根据本发明实施例,由于在完成对所有地址的操作之前将中间结果暂时存储在缓冲区中,所以可以进一步提高访问速度。例如,在对存储在地址处的数据进行访问的情况下,从存储器外部对存储器内的一个地址处的数据进行一次访问(输入/输出)时,因为握手信号所占用的时间开销较大,大约占总时间的60%左右,所以所需要花费的总时间大概是几百纳秒(例如,200ns),而当利用缓冲区时,因为大大减少了握手信号,所以在存储器内部对同样的数据进行一次访问所需要花费的总时间可以被缩短到几十纳秒甚至几个纳秒,例如1-2ns。此外,可以以与cache(高速缓冲存储器)类似的结构来配置该缓冲区,以进一步提高访问速度。因此,当利用缓冲区时,可以缩短了访问时间。
这里,缓冲区可以是从存储器内原有的缓冲区域中新划分出来的,也可以是增加到存储器中的新的缓冲区域。在后者的情况下,可能需要对存储器的硬件进行改进。此外,可以在每次输出了结果之后,清空缓冲区中的数据。
下面,将以图的数据结构为例来具体描述本发明实施例,但是本领域技术人可以明白,显然本发明还可以应用于除图以外的其他数据结构,诸如树、链表等等。
图3是示出一种图的数据结构的示意图。虽然在图3中示出的是无向图,但是本领域技术人员可以明白,显然其也可以为有向图,并且还可以包括权重信息。
如图3中所示,该图中包括8个顶点V0、V1、V2、V3、V4、V5、V6和V7以及11条边,通常,利用一维数组来存储顶点数据并且利用二维数组来存储边数据。一个示意性的顶点数组V[j](0≤j≤7)例如为下面所示。
V0 V1 V2 V3 V4 V5 V6 V7
顶点数据可以包括各种信息。在一个例子中,当执行图的遍历时,顶点数据可以表示该顶点是否已被遍历过,例如,0表示未遍历且1表示已遍历。在另一个例子中,在对顶点标层级的应用中,顶点数据可以表示该顶点相对于当前所指定的中心顶点来说是第几级节点。当然,本发明实施例不限于此,本领域技术人员可以明白顶点数据还可以包括任何其他合适的信息。
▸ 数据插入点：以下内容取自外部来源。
(* Let $n\ge1$ and $k$ be integers. If the complete bipartite graph $K_{n,n}$ is $k$-removable, then $k> n-\sqrt{2n(\log n+1)}$.
   Context: $\log$ is the natural logarithm. For a graph $G$, $f:V(G)\to\mathbb Z$, $u\in V(G)$ and $W\subseteq N(u)$, $\mathsf{DelSave}(G,f,u,W)$ outputs $G'=G-u$ and $f'$ with $f'(x)=f(x)-1$ for $x\in N(u)\setminus W$ and $f'(x)=f(x)$ otherwise; it is legal if $f(u)>\sum_{w\in W}f(w)$ and $f'(x)\ge1$ for all $x\in V(G')$. $G$ is $f$-removable if all vertices can be deleted by successive legal $\mathsf{DelSave}$ applications, each time replacing $(G,f)$ by the output; $G$ is $k$-removable if it is $f$-removable for the constant function $f\equiv k$. *)

theory Defs
  imports "HOL-Analysis.Analysis"
begin

text \<open>A finite simple graph is given by a vertex set V and a symmetric irreflexive
 edge relation E (only edges inside V matter).  Neighbourhood of u in (V,E):\<close>

definition nbhd :: "'a set \<Rightarrow> ('a \<Rightarrow> 'a \<Rightarrow> bool) \<Rightarrow> 'a \<Rightarrow> 'a set" where
  "nbhd V E u = {x \<in> V. x \<noteq> u \<and> E u x}"

definition delsave_fun ::
  "'a set \<Rightarrow> ('a \<Rightarrow> 'a \<Rightarrow> bool) \<Rightarrow> ('a \<Rightarrow> int) \<Rightarrow> 'a \<Rightarrow> 'a set \<Rightarrow> ('a \<Rightarrow> int)" where
  "delsave_fun V E f u W = (\<lambda>x. if x \<in> nbhd V E u - W then f x - 1 else f x)"

definition delsave_legal ::
  "'a set \<Rightarrow> ('a \<Rightarrow> 'a \<Rightarrow> bool) \<Rightarrow> ('a \<Rightarrow> int) \<Rightarrow> 'a \<Rightarrow> 'a set \<Rightarrow> bool" where
  "delsave_legal V E f u W \<longleftrightarrow>
     u \<in> V \<and> W \<subseteq> nbhd V E u \<and> f u > (\<Sum>w\<in>W. f w) \<and>
     (\<forall>x \<in> V - {u}. delsave_fun V E f u W x \<ge> 1)"

text \<open>f-removability: all vertices can be deleted by successive legal DelSave steps.
 (The edge relation of G - u is E restricted to V - {u}, which is implicit since
 only vertices in the current vertex set are ever considered.)\<close>

inductive f_removable :: "'a set \<Rightarrow> ('a \<Rightarrow> 'a \<Rightarrow> bool) \<Rightarrow> ('a \<Rightarrow> int) \<Rightarrow> bool" where
  empty: "f_removable {} E f"
| step: "delsave_legal V E f u W \<Longrightarrow>
         f_removable (V - {u}) E (delsave_fun V E f u W) \<Longrightarrow> f_removable V E f"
从图3中可以看出,在图结构的数据结构中,任意两个顶点(数据元素)之间均可相关联,以致当使用存储器对图中的数据进行访问时,访问顶点的顺序是无法确定的,具有很强的随机性,并且难以进行缓存,导致访问速度较慢。例如,在如图3所示的图结构中,如果希望访问顶点V7,则在某次操作中可能按照V2→V7的顺序来访问,在下一次操作中可能按照V3→V7的顺序来访问,而在另一次操作中又可能按照V5→V7的顺序来访问。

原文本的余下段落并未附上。